* Required action *
From the opening line of the records through the line bearing "G. (norm W)^2", set down every line exactly.

* Collected data entries *
=====

lemma lift_coeffs_finite:
  assumes "finite F"
  shows "(\<Sum>x\<in>F. (cmod (lift_coeffs n D j W v x))^2) \<le> (norm W * norm v)^2"
proof -
  define G where "G = F \<inter> tuples n D"
  define h where "h x = (cmod (vf (bop_apply W (slice D j x v)) (x j)))^2" for x
  have "finite G" using assms by (simp add: G_def)
  have "(\<Sum>x\<in>F. (cmod (lift_coeffs n D j W v x))^2) = (\<Sum>x\<in>F. if x \<in> tuples n D then h x else 0)"
    by (rule sum.cong) (auto simp: lift_coeffs_def h_def)
  also have "\<dots> = sum h G" unfolding G_def using assms by (simp add: sum.inter_restrict)
  also have "\<dots> = (\<Sum>r\<in>(\<lambda>x. x(j := 0)) ` G. sum h {x \<in> G. x(j := 0) = r})"
    using \<open>finite G\<close> by (rule sum.image_gen)
  also have "\<dots> \<le> (\<Sum>r\<in>(\<lambda>x. x(j := 0)) ` G. (norm W)^2 * (norm (slice D j r v))^2)"
    unfolding h_def using \<open>finite G\<close> by (intro sum_mono sum_fiber_le) auto
  also have "\<dots> \<le> (norm W)^2 * (norm v)^2"
    unfolding sum_distrib_left[symmetric] using \<open>finite G\<close>
    by (intro mult_left_mono sum_norm_slice) auto
  finally show ?thesis by (simp add: power_mult_distrib)
qed

lemma lift_coeffs_summable: "(\<lambda>x. (cmod (lift_coeffs n D j W v x))^2) summable_on UNIV"
  by (rule sq_summable_if_bounded[OF lift_coeffs_finite])

lemma vf_Abs_lift_coeffs: "vf (Abs_ell2 (lift_coeffs n D j W v)) = lift_coeffs n D j W v"
  using lift_coeffs_summable by (simp add: Abs_ell2_inverse)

=====

* Solution to the exercise *
lemma lift_coeffs_finite:
  assumes "finite F"
  shows "(\<Sum>x\<in>F. (cmod (lift_coeffs n D j W v x))^2) \<le> (norm W * norm v)^2"
proof -
  define G where "G = F \<inter> tuples n D"
  define h where "h x = (cmod (vf (bop_apply W (slice D j x v)) (x j)))^2" for x
  have "finite G" using assms by (simp add: G_def)
  have "(\<Sum>x\<in>F. (cmod (lift_coeffs n D j W v x))^2) = (\<Sum>x\<in>F. if x \<in> tuples n D then h x else 0)"
    by (rule sum.cong) (auto simp: lift_coeffs_def h_def)
  also have "\<dots> = sum h G" unfolding G_def using assms by (simp add: sum.inter_restrict)
  also have "\<dots> = (\<Sum>r\<in>(\<lambda>x. x(j := 0)) ` G. sum h {x \<in> G. x(j := 0) = r})"
    using \<open>finite G\<close> by (rule sum.image_gen)
  also have "\<dots> \<le> (\<Sum>r\<in>(\<lambda>x. x(j := 0)) ` G. (norm W)^2 * (norm (slice D j r v))^2)"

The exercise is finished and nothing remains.